(* (a) For every integer $k \geq 10$, if $|q - q_k| \leq q_k^{-2k-6}$ then $q \in \mathcal{B}_3$. (b) If $0 < q - q_9 \leq q_9^{-24}$ then $q \in \mathcal{B}_3$.
   Context: For $q \in (1,2)$ let $I_q = [0, \frac{1}{q-1}]$. A sequence $(\epsilon_j)_{j\ge1} \in \{0,1\}^\mathbb{N}$ is a base $q$ expansion of $x$ if $x = \sum_{j\ge1} \epsilon_j q^{-j}$; let $\Sigma_q(x)$ be the set of base $q$ expansions of $x$. Let $\mathcal{U}_q^{(3)} = \{x \in I_q : |\Sigma_q(x)| = 3\}$ and $\mathcal{B}_3 = \{q \in (1,2) : \mathcal{U}_q^{(3)} \neq \emptyset\}$. For $k \geq 2$, the $k$-Bonacci number $q_k$ is the unique root in $(1,2)$ of $x^k - x^{k-1} - \cdots - x - 1 = 0$. *)

theory Defs
  imports "HOL-Analysis.Analysis"
begin

text \<open>A digit sequence (in {0,1}) is encoded as a function nat => bool; the digit
  epsilon_j (j >= 1) of the paper is stored at position j - 1.\<close>

definition digit :: "bool \<Rightarrow> real" where
  "digit b = (if b then 1 else 0)"

definition expansions :: "real \<Rightarrow> real \<Rightarrow> (nat \<Rightarrow> bool) set" where
  "expansions q x = {e. (\<lambda>j. digit (e j) / q ^ (Suc j)) sums x}"

definition I_q :: "real \<Rightarrow> real set" where
  "I_q q = {0 .. 1 / (q - 1)}"

definition U3 :: "real \<Rightarrow> real set" where
  "U3 q = {x \<in> I_q q. finite (expansions q x) \<and> card (expansions q x) = 3}"

definition B3 :: "real set" where
  "B3 = {q. 1 < q \<and> q < 2 \<and> U3 q \<noteq> {}}"

definition kbonacci :: "nat \<Rightarrow> real" where
  "kbonacci k = (THE x. 1 < x \<and> x < 2 \<and> x ^ k = (\<Sum>i<k. x ^ i))"

end

theory Submission
  imports Defs
begin

text \<open>Let \<open>H = ones_val q k\<close> be the value of the word \<open>1\<^sup>k\<close>, so that \<open>H = 1\<close> exactly at
  \<open>q = q\<^sub>k\<close>. For tails \<open>A\<close>, \<open>B\<close>, \<open>C\<close> the words \<open>0 1\<^sup>2\<^sup>k 0 A\<close>, \<open>1 0\<^sup>k 1\<^sup>k 0 B\<close> and
  \<open>1 0\<^sup>k\<^sup>-\<^sup>1 1 0\<^sup>k\<^sup>+\<^sup>1 C\<close> have the same value as soon as
  \<open>val A - val B = q\<^sup>2\<^sup>k\<^sup>+\<^sup>1 (1 - H)\<close> and \<open>val B - val C = q\<^sup>k\<^sup>+\<^sup>1 (1 - H)\<close>.
  For \<open>|q - q\<^sub>k| \<le> q\<^sub>k\<^sup>-\<^sup>2\<^sup>k\<^sup>-\<^sup>6\<close> these differences are at most \<open>3/8\<close>, and every such pair of
  differences is realised by tails without seven equal consecutive digits, built from blocks of
  four digits by a rounding scheme on a hexagon. For \<open>q \<ge> 1.997\<close> such tails, and the runs of the
  three words, determine every digit of an expansion from the value and the digits before it;
  hence the common value has exactly these three expansions.\<close>

section \<open>Values of digit sequences\<close>

definition seq_val :: "real \<Rightarrow> (nat \<Rightarrow> bool) \<Rightarrow> real" where
  "seq_val q e = (\<Sum>j. digit (e j) / q ^ Suc j)"

definition drop_digits :: "nat \<Rightarrow> (nat \<Rightarrow> bool) \<Rightarrow> nat \<Rightarrow> bool" where
  "drop_digits n e = (\<lambda>j. e (j + n))"

definition prepend_run :: "bool \<Rightarrow> nat \<Rightarrow> (nat \<Rightarrow> bool) \<Rightarrow> nat \<Rightarrow> bool" where
  "prepend_run b m t = (\<lambda>j. if j < m then b else t (j - m))"

text \<open>The value of the word \<open>1\<^sup>k\<close>; the \<open>k\<close>-bonacci number is the solution of
  \<open>ones_val q k = 1\<close> in \<open>(1, 2)\<close>.\<close>

definition ones_val :: "real \<Rightarrow> nat \<Rightarrow> real" where
  "ones_val q k = (1 - 1 / q ^ k) / (q - 1)"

**YOUR ASSIGNMENT:** The records above are to be restated word for word.

**TASK RESPONSE:**
(* (a) For every integer $k \geq 10$, if $|q - q_k| \leq q_k^{-2k-6}$ then $q \in \mathcal{B}_3$. (b) If $0 < q - q_9 \leq q_9^{-24}$ then $q \in \mathcal{B}_3$.
   Context: For $q \in (1,2)$ let $I_q = [0, \frac{1}{q-1}]$. A sequence $(\epsilon_j)_{j\ge1} \in \{0,1\}^\mathbb{N}$ is a base $q$ expansion of $x$ if $x = \sum_{j\ge1} \epsilon_j q^{-j}$; let $\Sigma_q(x)$ be the set of base $q$ expansions of $x$. Let $\mathcal{U}_q^{(3)} = \{x \in I_q : |\Sigma_q(x)| = 3\}$ and $\mathcal{B}_3 = \{q \in (1,2) : \mathcal{U}_q^{(3)} \neq \emptyset\}$. For $k \geq 2$, the $k$-Bonacci number $q_k$ is the unique root in $(1,2)$ of $x^k - x^{k-1} - \cdots - x - 1 = 0$. *)

theory Defs
  imports "HOL-Analysis.Analysis"
begin

text \<open>A digit sequence (in {0,1}) is encoded as a function nat => bool; the digit
  epsilon_j (j >= 1) of the paper is stored at position j - 1.\<close>

definition digit :: "bool \<Rightarrow> real" where
  "digit b = (if b then 1 else 0)"

definition expansions :: "real \<Rightarrow> real \<Rightarrow> (nat \<Rightarrow> bool) set" where
  "expansions q x = {e. (\<lambda>j. digit (e j) / q ^ (Suc j)) sums x}"

definition I_q :: "real \<Rightarrow> real set" where
  "I_q q = {0 .. 1 / (q - 1)}"

definition U3 :: "real \<Rightarrow> real set" where
  "U3 q = {x \<in> I_q q. finite (expansions q x) \<and> card (expansions q x) = 3}"

definition B3 :: "real set" where
  "B3 = {q. 1 < q \<and> q < 2 \<and> U3 q \<noteq> {}}"

definition kbonacci :: "nat \<Rightarrow> real" where
  "kbonacci k = (THE x. 1 < x \<and> x < 2 \<and> x ^ k = (\<Sum>i<k. x ^ i))"

end

theory Submission
  imports Defs
begin

text \<open>Let \<open>H = ones_val q k\<close> be the value of the word \<open>1\<^sup>k\<close>, so that \<open>H = 1\<close> exactly at
  \<open>q = q\<^sub>k\<close>. For tails \<open>A\<close>, \<open>B\<close>, \<open>C\<close> the words \<open>0 1\<^sup>2\<^sup>k 0 A\<close>, \<open>1 0\<^sup>k 1\<^sup>k 0 B\<close> and
  \<open>1 0\<^sup>k\<^sup>-\<^sup>1 1 0\<^sup>k\<^sup>+\<^sup>1 C\<close> have the same value as soon as
  \<open>val A - val B = q\<^sup>2\<^sup>k\<^sup>+\<^sup>1 (1 - H)\<close> and \<open>val B - val C = q\<^sup>k\<^sup>+\<^sup>1 (1 - H)\<close>.
  For \<open>|q - q\<^sub>k| \<le> q\<^sub>k\<^sup>-\<^sup>2\<^sup>k\<^sup>-\<^sup>6\<close> these differences are at most \<open>3/8\<close>, and every such pair of
  differences is realised by tails without seven equal consecutive digits, built from blocks of
  four digits by a rounding scheme on a hexagon. For \<open>q \<ge> 1.997\<close> such tails, and the runs of the
  three words, determine every digit of an expansion from the value and the digits before it;
  hence the common value has exactly these three expansions.\<close>

section \<open>Values of digit sequences\<close>

definition seq_val :: "real \<Rightarrow> (nat \<Rightarrow> bool) \<Rightarrow> real" where
  "seq_val q e = (\<Sum>j. digit (e j) / q ^ Suc j)"

definition drop_digits :: "nat \<Rightarrow> (nat \<Rightarrow> bool) \<Rightarrow> nat \<Rightarrow> bool" where
  "drop_digits n e = (\<lambda>j. e (j + n))"

definition prepend_run :: "bool \<Rightarrow> nat \<Rightarrow> (nat \<Rightarrow> bool) \<Rightarrow> nat \<Rightarrow> bool" where
  "prepend_run b m t = (\<lambda>j. if j < m then b else t (j - m))"

text \<open>The value of the word \<open>1\<^sup>k\<close>; the \<open>k\<close>-bonacci number is the solution of
  \<open>ones_val q k = 1\<close> in \<open>(1, 2)\<close>.\<close>

definition ones_val :: "real \<Rightarrow> nat \<Rightarrow> real" where
  "ones_val q k = (1 - 1 / q ^ k) / (q - 1)"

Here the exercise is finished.